To currently qualify, people must have been a resident for a decade, including five continuous years.
But under the changes, people must continually live in Australia for a decade, with either five years while of working age or more than five years without being on welfare.
Alternatively, people can fulfil the residency requirements if they have lived in Australia for 15 continuous years.
The government expects this to affect 730 people in the first year of operation, and 2390 over the forwards.
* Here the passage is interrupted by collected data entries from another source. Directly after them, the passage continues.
(* Let $T\in\mathbb{C}^{l\times l}$ and let $\lambda_1,\dots,\lambda_k$ be $k$ distinct eigenvalues of $T$. Then for every $\gamma=(\gamma_{ij})_{1\le i<j\le k}$ with $\gamma_{ij}\in\mathbb{C}$, one has $\operatorname{rank}(Q_T(\gamma))\le kl-k$, equivalently $s_{kl-(k-1)}(Q_T(\gamma))=0$.
   Context: For $T\in\mathbb{C}^{l\times l}$, scalars $\lambda_1,\dots,\lambda_k\in\mathbb{C}$ and $\gamma=(\gamma_{ij})_{1\le i<j\le k}\in\mathbb{C}^{k(k-1)/2}$, $Q_T(\gamma)\in\mathbb{C}^{kl\times kl}$ is the $k\times k$ block upper triangular matrix whose $(i,i)$ block is $T-\lambda_i I_l$, whose $(i,j)$ block for $i<j$ is $\gamma_{ij}I_l$, and whose blocks below the diagonal are zero. $s_j(\cdot)$ denotes the $j$-th largest singular value. *)

theory Defs
  imports "Jordan_Normal_Form.Char_Poly" "Jordan_Normal_Form.DL_Rank"
begin

text \<open>Blocks are indexed 0..k-1.\<close>
definition Q_mat :: "nat \<Rightarrow> nat \<Rightarrow> complex mat \<Rightarrow> (nat \<Rightarrow> complex) \<Rightarrow> (nat \<Rightarrow> nat \<Rightarrow> complex) \<Rightarrow> complex mat" where
  "Q_mat k l T lam gam = mat (k * l) (k * l) (\<lambda>(r, c).
     (let i = r div l; j = c div l; a = r mod l; b = c mod l in
      if i = j then T $$ (a, b) - (if a = b then lam i else 0)
      else if i < j then (if a = b then gam i j else 0)
      else 0))"

end

theory Submission
  imports Defs "Jordan_Normal_Form.Matrix_Kernel"
begin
"ACOSS strongly opposes this measure. It will deny people aged 65 and over, and people with a disability in serious financial hardship, access to a pension," Ms Goldie said. "It will mostly be older people who are affected, who have very limited opportuntiy to get sufficient paid work.
"Furthermore the government has failed to explain why we need to extend the residency in the first place. Considering the small number of people affected, we clearly do not have a problem with people accessing pensions without spending at least 10 years in Australia."
Cuts to pension supplement
The bill also cuts the GST Supplement for pensioners who spend six weeks or more outside of Australia, which Ms Goldie said will disadvantage older people who travel overseas to visit family.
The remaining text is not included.